:: WHAT IS EXPECTED ::
If a line in the records below contains the word "tail", return that line.

:: LISTED RECORDS ::
(* Let $\Delta$ be a finite set with $|\Delta|\ge2$, $\ell\ge2$, $\Omega=\Delta^\ell$, $W=\mathrm{Sym}\,\Delta\wr S_\ell$ in product action on $\Omega$, $G\le W$, and let $M=T_1\times\cdots\times T_k$ be a minimal normal subgroup of $G$ transitive on $\Omega$, with the $T_i$ isomorphic non-abelian finite simple groups. Let $T$ be a simple factor of $M$ (one of the $T_i$), and let $j_1,\dots,j_s$ be distinct indices in $\{1,\dots,\ell\}$ such that $T\le M^{(j_r)}$ for each $r$. Let $\delta\in\Delta$, put $\omega=(\delta,\dots,\delta)\in\Omega$, and for $r\in\{1,\dots,s\}$ let $A_r=(M^{(j_r)})_\delta\overline T/\overline T\le T$. Then $$A_r\Big(\bigcap_{i\ne r}A_i\Big)=T\ \text{ for all } r,\qquad\text{and}\qquad M_\omega\overline T/\overline T\le\bigcap_{r=1}^{s}A_r.$$
   Context: Product action: $(\delta_1,\dots,\delta_\ell)^{(g_1,\dots,g_\ell)h}=(\delta_{1h^{-1}}g_{1h^{-1}},\dots,\delta_{\ell h^{-1}}g_{\ell h^{-1}})$ for $g_i\in\mathrm{Sym}\,\Delta$, $h\in S_\ell$. Let $\pi:W\to S_\ell$ be the natural projection; for $j\in\{1,\dots,\ell\}$ let $W_j$ be the stabiliser of $j$ under $\pi$, so $W_j=\mathrm{Sym}\,\Delta\times(\mathrm{Sym}\,\Delta\wr S_{\ell-1})$ with the first factor acting on the $j$-th coordinate. For $H\le W$ the $j$-th component $H^{(j)}$ is the projection of $H\cap W_j$ to the first factor. One has $M\le(\mathrm{Sym}\,\Delta)^\ell$, and $M^{(j)}$ is a quotient of $M$ which is identified with the direct product of those $T_i$ not contained in the kernel of $M\to M^{(j)}$; "$T\le M^{(j)}$" refers to this identification, and $(M^{(j)})_\delta$ (stabiliser of $\delta$ in $M^{(j)}$ acting on $\Delta$) is viewed as a subgroup of $M$. $\overline T=C_M(T)$, so $M=T\times\overline T$, and for $H\le M$ the quotient $H\overline T/\overline T$ is identified with the projection of $H$ into $T$. $M_\omega$ is the stabiliser of $\omega$ in $M$. An empty intersection of subgroups of $T$ is $T$. *)

theory Defs
  imports "HOL-Algebra.Algebra" "HOL-Combinatorics.Permutations"
begin
text \<open>The relations for \<open>X\<close>, \<open>Y\<close> and \<open>B\<close> are only required after acting on the
  modules, so \<open>S\<close> need not be known to be a ring.\<close>

locale averaging =
  fixes S :: "('r, 'x) ring_scheme" and T :: "'r set"
    and M2 :: "('r, 'm2) module" and M3 :: "('r, 'm3) module"
    and p :: "'m2 \<Rightarrow> 'm3" and h :: "'m3 \<Rightarrow> 'm2"
    and I :: "'i set" and X Y :: "'i \<Rightarrow> 'r" and B :: "'r \<Rightarrow> 'i \<Rightarrow> 'i \<Rightarrow> 'r"
  assumes M2: "left_module S M2" and M3: "left_module S M3"
    and p_lin: "lin_map (carrier S) M2 M3 p"
    and h_lin: "lin_map T M3 M2 h" and p_h: "\<And>z. z \<in> carrier M3 \<Longrightarrow> p (h z) = z"
    and T_sub: "T \<subseteq> carrier S" and fin_I: "finite I"
    and X: "\<And>i. i \<in> I \<Longrightarrow> X i \<in> carrier S" and Y: "\<And>i. i \<in> I \<Longrightarrow> Y i \<in> carrier S"
    and B: "\<And>r i j. r \<in> carrier S \<Longrightarrow> B r j i \<in> T"
    and sum_XY: "\<And>z. z \<in> carrier M3 \<Longrightarrow> finsum M3 (\<lambda>i. smult M3 (mult S (X i) (Y i)) z) I = z"
    and mult_X: "\<And>r i m. r \<in> carrier S \<Longrightarrow> i \<in> I \<Longrightarrow> m \<in> carrier M2 \<Longrightarrow>
       smult M2 (mult S r (X i)) m = finsum M2 (\<lambda>j. smult M2 (mult S (X j) (B r j i)) m) I"
    and Y_mult: "\<And>r j z. r \<in> carrier S \<Longrightarrow> j \<in> I \<Longrightarrow> z \<in> carrier M3 \<Longrightarrow>
       smult M3 (mult S (Y j) r) z = finsum M3 (\<lambda>i. smult M3 (mult S (B r j i) (Y i)) z) I"
begin
lemma AE_fam_ess_limsup_gt_imp_ge:
  fixes A B :: "real \<Rightarrow> 'a \<Rightarrow> ereal" and a c :: ereal
  assumes P: "prob_space M" and sub: "subalgebra M G"
    and A: "\<And>y. y \<in> D \<Longrightarrow> A y \<in> borel_measurable G"
    and B: "\<And>y. y \<in> D \<Longrightarrow> B y \<in> borel_measurable G"
    and AB: "\<And>y. y \<in> D \<Longrightarrow> n \<le> y \<Longrightarrow> AE \<omega> in M. c < A y \<omega> \<longrightarrow> a < B y \<omega>"
  shows "AE \<omega> in M. c < fam_ess_limsup M G D A \<omega> \<longrightarrow> a \<le> fam_ess_limsup M G D B \<omega>"
proof -
  define SA where "SA x = fam_ess_sup M G {y\<in>D. x \<le> y} A" for x
  define SB where "SB x = fam_ess_sup M G {y\<in>D. x \<le> y} B" for x
  define LA where "LA = fam_ess_limsup M G D A"
  define LB where "LB = fam_ess_limsup M G D B"
  have SA: "is_ess_sup M G {y\<in>D. x \<le> y} A (SA x)" for x
    unfolding SA_def using P sub A by (intro is_ess_sup_fam_ess_sup) auto
  have SB: "is_ess_sup M G {y\<in>D. x \<le> y} B (SB x)" for x
    unfolding SB_def using P sub B by (intro is_ess_sup_fam_ess_sup) auto
  have LA: "is_ess_inf M G {0..} SA LA" and LB: "is_ess_inf M G {0..} SB LB"
    unfolding SA_def SB_def LA_def LB_def using P sub A B by (auto intro: is_ess_inf_fam_ess_limsup)
  have [measurable]: "SB x \<in> borel_measurable G" "LA \<in> borel_measurable G" for x
    using is_ess_sup_measurable[OF SB] is_ess_inf_measurable[OF LA] by auto
  have tail: "AE \<omega> in M. c < LA \<omega> \<longrightarrow> a < SB x \<omega>" if "0 \<le> x" "n \<le> x" for x
  proof -
    \<comment> \<open>Where \<open>SB x \<le> a\<close>, every \<open>A y\<close> with \<open>y \<ge> x\<close> is at most \<open>c\<close>.\<close>
    define W where "W \<omega> = (if SB x \<omega> \<le> a then c else \<infinity>)" for \<omega>
    have "W \<in> borel_measurable G"
      unfolding W_def by measurable
    moreover have "AE \<omega> in M. A y \<omega> \<le> W \<omega>" if "y \<in> D" "x \<le> y" for y
    proof -
      have "AE \<omega> in M. B y \<omega> \<le> SB x \<omega>"
        using that by (intro is_ess_sup_upper[OF SB]) simp
      moreover have "AE \<omega> in M. c < A y \<omega> \<longrightarrow> a < B y \<omega>"
        using AB that \<open>n \<le> x\<close> by simp
      ultimately show ?thesis
        by eventually_elim (auto simp: W_def not_less)
    qed
    ultimately have "AE \<omega> in M. SA x \<omega> \<le> W \<omega>"
      by (intro is_ess_sup_least[OF SA]) auto
    moreover have "AE \<omega> in M. LA \<omega> \<le> SA x \<omega>"
      using \<open>0 \<le> x\<close> by (intro is_ess_inf_lower[OF LA]) simp
    ultimately show ?thesis
      by eventually_elim (auto simp: W_def not_le split: if_splits)
  qed
  define Z where "Z \<omega> = (if c < LA \<omega> then a else -\<infinity>)" for \<omega>
  have "Z \<in> borel_measurable G"
    unfolding Z_def by measurable
  moreover have "AE \<omega> in M. Z \<omega> \<le> SB x \<omega>" if "0 \<le> x" for x
  proof -
    have "AE \<omega> in M. c < LA \<omega> \<longrightarrow> a < SB (max x n) \<omega>"
      using that by (intro tail) auto
    moreover have "AE \<omega> in M. SB (max x n) \<omega> \<le> SB x \<omega>"
      by (rule is_ess_sup_mono_index[OF SB SB]) auto
    ultimately show ?thesis
      by eventually_elim (auto simp: Z_def)
  qed
  ultimately have "AE \<omega> in M. Z \<omega> \<le> LB \<omega>"
    by (intro is_ess_inf_greatest[OF LB]) auto
  then show ?thesis
    unfolding LA_def LB_def Z_def by eventually_elim (auto split: if_splits)
qed
(* Let $\mathcal{Y}=\{1,\dots,m\}$ be a finite set of classes and let $\Delta(\mathcal{Y})$ denote the set of probability vectors on $\mathcal{Y}$. Let $u:\mathcal{Y}\times\mathcal{Y}\to\mathbb{R}_+$ be a nonnegative utility function that is nondegenerate, i.e. for every $y\in\mathcal{Y}$ there exists $a\in\mathcal{Y}$ with $u(a,y)>0$. Let $\ell:\Delta(\mathcal{Y})\times\mathcal{Y}\to\mathbb{R}$ be a strictly proper loss function, i.e. for every $q\in\Delta(\mathcal{Y})$, $q$ is the unique minimizer over $p\in\Delta(\mathcal{Y})$ of $\bar\ell(p,q)\equiv\sum_{y\in\mathcal{Y}} q_y\,\ell(p,y)$. Define the utility-weighted loss $\ell^u(p,y)\equiv\sum_{y'\in\mathcal{Y}}\ell(p,y')\,u(y',y)$ and its expectation $\bar\ell^u(p,q)\equiv\sum_{y\in\mathcal{Y}} q_y\,\ell^u(p,y)$, and the expected utility $\bar u(y,q)\equiv\sum_{y'\in\mathcal{Y}}u(y,y')\,q_{y'}$. Then for every $q\in\Delta(\mathcal{Y})$, the problem $\min_{p\in\Delta(\mathcal{Y})}\bar\ell^u(p,q)$ has a unique minimizer $p^u(q)$, given for each class $y$ by $$p^u_y(q)=\frac{\bar u(y,q)}{\sum_{y'\in\mathcal{Y}}\bar u(y',q)}.$$
   Context: $p_y,q_y$ denote the $y$-th components of probability vectors $p,q\in\Delta(\mathcal{Y})$. *)

theory Defs
  imports "HOL-Analysis.Analysis"
begin

text \<open>Classes are Y = {1..m}. A probability vector is a function nat => real,
nonnegative, summing to 1 over {1..m}, and zero outside {1..m}
(so that each element of Delta(Y) has a unique representation).\<close>

definition prob_simplex :: "nat \<Rightarrow> (nat \<Rightarrow> real) set" where
  "prob_simplex m = {p. (\<forall>y\<in>{1..m}. 0 \<le> p y) \<and> (\<forall>y. y \<notin> {1..m} \<longrightarrow> p y = 0)
                        \<and> (\<Sum>y\<in>{1..m}. p y) = 1}"

definition exp_loss :: "nat \<Rightarrow> ((nat \<Rightarrow> real) \<Rightarrow> nat \<Rightarrow> real) \<Rightarrow> (nat \<Rightarrow> real) \<Rightarrow> (nat \<Rightarrow> real) \<Rightarrow> real" where
  "exp_loss m l p q = (\<Sum>y\<in>{1..m}. q y * l p y)"

definition strictly_proper :: "nat \<Rightarrow> ((nat \<Rightarrow> real) \<Rightarrow> nat \<Rightarrow> real) \<Rightarrow> bool" where
  "strictly_proper m l \<longleftrightarrow> (\<forall>q\<in>prob_simplex m. \<forall>p\<in>prob_simplex m.
       p \<noteq> q \<longrightarrow> exp_loss m l q q < exp_loss m l p q)"

definition util_loss :: "nat \<Rightarrow> ((nat \<Rightarrow> real) \<Rightarrow> nat \<Rightarrow> real) \<Rightarrow> (nat \<Rightarrow> nat \<Rightarrow> real) \<Rightarrow> (nat \<Rightarrow> real) \<Rightarrow> nat \<Rightarrow> real" where
  "util_loss m l u p y = (\<Sum>y'\<in>{1..m}. l p y' * u y' y)"

definition exp_util :: "nat \<Rightarrow> (nat \<Rightarrow> nat \<Rightarrow> real) \<Rightarrow> nat \<Rightarrow> (nat \<Rightarrow> real) \<Rightarrow> real" where
  "exp_util m u y q = (\<Sum>y'\<in>{1..m}. u y y' * q y')"

end

theory Submission
  imports Defs
begin

text \<open>Exchanging the two sums shows that the expected utility-weighted loss under \<open>q\<close> is the
  plain expected loss under the unnormalised weights \<open>exp_util m u y q\<close>. These weights have
  positive total mass (some class has \<open>q\<^sub>y > 0\<close> and nondegeneracy gives it positive
  utility), so normalising them only scales the objective by a positive constant; the
  minimisers are therefore those of the expected loss under the normalised vector, and strict
  properness makes that vector the unique one.\<close>

definition util_prob :: "nat \<Rightarrow> (nat \<Rightarrow> nat \<Rightarrow> real) \<Rightarrow> (nat \<Rightarrow> real) \<Rightarrow> nat \<Rightarrow> real" where
  "util_prob m u q y =
     (if y \<in> {1..m} then exp_util m u y q / (\<Sum>y'\<in>{1..m}. exp_util m u y' q) else 0)"

lemma exp_loss_scale: "exp_loss m l p (\<lambda>y. c * r y) = c * exp_loss m l p r"
  by (simp add: exp_loss_def sum_distrib_left mult.assoc)

lemma exp_loss_util_loss:
  "exp_loss m (util_loss m l u) p q = exp_loss m l p (\<lambda>y. exp_util m u y q)"
proof -
  have "exp_loss m (util_loss m l u) p q = (\<Sum>y\<in>{1..m}. \<Sum>y'\<in>{1..m}. q y * l p y' * u y' y)"
    by (simp add: exp_loss_def util_loss_def sum_distrib_left mult.assoc)
  also have "\<dots> = (\<Sum>y'\<in>{1..m}. \<Sum>y\<in>{1..m}. q y * l p y' * u y' y)"
    by (rule sum.swap)
  also have "\<dots> = exp_loss m l p (\<lambda>y. exp_util m u y q)"
    by (simp add: exp_loss_def exp_util_def sum_distrib_left mult_ac)
  finally show ?thesis .
qed

lemma prob_simplex_has_pos:
  assumes "q \<in> prob_simplex m"
  obtains y where "y \<in> {1..m}" "0 < q y"
proof -
  have "\<exists>y\<in>{1..m}. q y \<noteq> 0"
  proof (rule ccontr)
    assume "\<not> (\<exists>y\<in>{1..m}. q y \<noteq> 0)"
    then have "(\<Sum>y\<in>{1..m}. q y) = 0"
      by simp
    then show False
      using assms by (simp add: prob_simplex_def)
  qed
  then show ?thesis
    using assms that by (force simp: prob_simplex_def)
qed

lemma exp_util_nonneg:
  assumes "\<forall>a\<in>{1..m}. \<forall>y\<in>{1..m}. 0 \<le> u a y" "q \<in> prob_simplex m" "y \<in> {1..m}"
  shows "0 \<le> exp_util m u y q"
  using assms unfolding exp_util_def prob_simplex_def by (auto intro!: sum_nonneg)

lemma sum_exp_util_pos:
  assumes u_nonneg: "\<forall>a\<in>{1..m}. \<forall>y\<in>{1..m}. 0 \<le> u a y"
    and u_nondeg: "\<forall>y\<in>{1..m}. \<exists>a\<in>{1..m}. u a y > 0"
    and q_prob: "q \<in> prob_simplex m"
  shows "0 < (\<Sum>y\<in>{1..m}. exp_util m u y q)"
proof -
  obtain y where y: "y \<in> {1..m}" "0 < q y"
    using q_prob by (rule prob_simplex_has_pos)
  obtain a where a: "a \<in> {1..m}" "0 < u a y"
    using u_nondeg y(1) by blast
  have "0 < u a y * q y"
    using a y by simp
  also have "\<dots> \<le> exp_util m u a q"
    unfolding exp_util_def using u_nonneg q_prob a(1) y(1)
    by (intro member_le_sum) (auto simp: prob_simplex_def)
  also have "\<dots> \<le> (\<Sum>y\<in>{1..m}. exp_util m u y q)"
    using exp_util_nonneg[OF u_nonneg q_prob] a(1) by (intro member_le_sum) auto
  finally show ?thesis .
qed

lemma util_prob_in_simplex:
  assumes "\<forall>a\<in>{1..m}. \<forall>y\<in>{1..m}. 0 \<le> u a y"
    and "\<forall>y\<in>{1..m}. \<exists>a\<in>{1..m}. u a y > 0"
    and "q \<in> prob_simplex m"
  shows "util_prob m u q \<in> prob_simplex m"
  using exp_util_nonneg[OF assms(1,3)] sum_exp_util_pos[OF assms]
  by (auto simp: prob_simplex_def util_prob_def sum_divide_distrib[symmetric])

lemma exp_loss_util_loss_eq_scaled:
  assumes "0 < (\<Sum>y\<in>{1..m}. exp_util m u y q)"
  shows "exp_loss m (util_loss m l u) p q
           = (\<Sum>y\<in>{1..m}. exp_util m u y q) * exp_loss m l p (util_prob m u q)"
proof -
  have "exp_loss m l p (\<lambda>y. exp_util m u y q)
          = exp_loss m l p (\<lambda>y. (\<Sum>y\<in>{1..m}. exp_util m u y q) * util_prob m u q y)"
    using assms by (simp add: exp_loss_def util_prob_def)
  then show ?thesis
    by (simp add: exp_loss_util_loss exp_loss_scale)
qed

lemma strictly_proper_minimizer_iff:
  assumes "strictly_proper m l" "q \<in> prob_simplex m" "p \<in> prob_simplex m"
  shows "(\<forall>p'\<in>prob_simplex m. exp_loss m l p q \<le> exp_loss m l p' q) \<longleftrightarrow> p = q"
  using assms unfolding strictly_proper_def by (metis less_le_not_le nle_le)

lemma util_loss_minimizer_iff:
  assumes u_nonneg: "\<forall>a\<in>{1..m}. \<forall>y\<in>{1..m}. 0 \<le> u a y"
    and u_nondeg: "\<forall>y\<in>{1..m}. \<exists>a\<in>{1..m}. u a y > 0"
    and l_proper: "strictly_proper m l"
    and q_prob: "q \<in> prob_simplex m"
    and p_prob: "p \<in> prob_simplex m"
  shows "(\<forall>p'\<in>prob_simplex m. exp_loss m (util_loss m l u) p q \<le> exp_loss m (util_loss m l u) p' q)
           \<longleftrightarrow> p = util_prob m u q"
proof -
  have S_pos: "0 < (\<Sum>y\<in>{1..m}. exp_util m u y q)"
    using u_nonneg u_nondeg q_prob by (rule sum_exp_util_pos)
  have "(\<forall>p'\<in>prob_simplex m. exp_loss m (util_loss m l u) p q \<le> exp_loss m (util_loss m l u) p' q)
          \<longleftrightarrow> (\<forall>p'\<in>prob_simplex m.
                exp_loss m l p (util_prob m u q) \<le> exp_loss m l p' (util_prob m u q))"
    using S_pos by (simp add: exp_loss_util_loss_eq_scaled)
  also have "\<dots> \<longleftrightarrow> p = util_prob m u q"
    using l_proper util_prob_in_simplex[OF u_nonneg u_nondeg q_prob] p_prob
    by (rule strictly_proper_minimizer_iff)
  finally show ?thesis .
qed

theorem theorem1:
  fixes m :: nat and u :: "nat \<Rightarrow> nat \<Rightarrow> real"
    and l :: "(nat \<Rightarrow> real) \<Rightarrow> nat \<Rightarrow> real" and q :: "nat \<Rightarrow> real"
  assumes m_pos: "m \<ge> 1"
    and u_nonneg: "\<forall>a\<in>{1..m}. \<forall>y\<in>{1..m}. 0 \<le> u a y"
    and u_nondeg: "\<forall>y\<in>{1..m}. \<exists>a\<in>{1..m}. u a y > 0"
    and l_proper: "strictly_proper m l"
    and q_prob: "q \<in> prob_simplex m"
  shows "(\<exists>!p. p \<in> prob_simplex m \<and>
            (\<forall>p'\<in>prob_simplex m. exp_loss m (util_loss m l u) p q \<le> exp_loss m (util_loss m l u) p' q))
         \<and> (\<forall>p\<in>prob_simplex m.
            (\<forall>p'\<in>prob_simplex m. exp_loss m (util_loss m l u) p q \<le> exp_loss m (util_loss m l u) p' q)
            \<longrightarrow> (\<forall>y\<in>{1..m}. p y = exp_util m u y q / (\<Sum>y'\<in>{1..m}. exp_util m u y' q)))"
proof -
  note minimizer_iff = util_loss_minimizer_iff[OF u_nonneg u_nondeg l_proper q_prob]
  have "util_prob m u q \<in> prob_simplex m"
    using u_nonneg u_nondeg q_prob by (rule util_prob_in_simplex)
  then show ?thesis
    using minimizer_iff by (auto simp: util_prob_def)
qed

end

:: RESULT FOR THIS EXERCISE ::
  have tail: "AE \<omega> in M. c < LA \<omega> \<longrightarrow> a < SB x \<omega>" if "0 \<le> x" "n \<le> x" for x
      using that by (intro tail) auto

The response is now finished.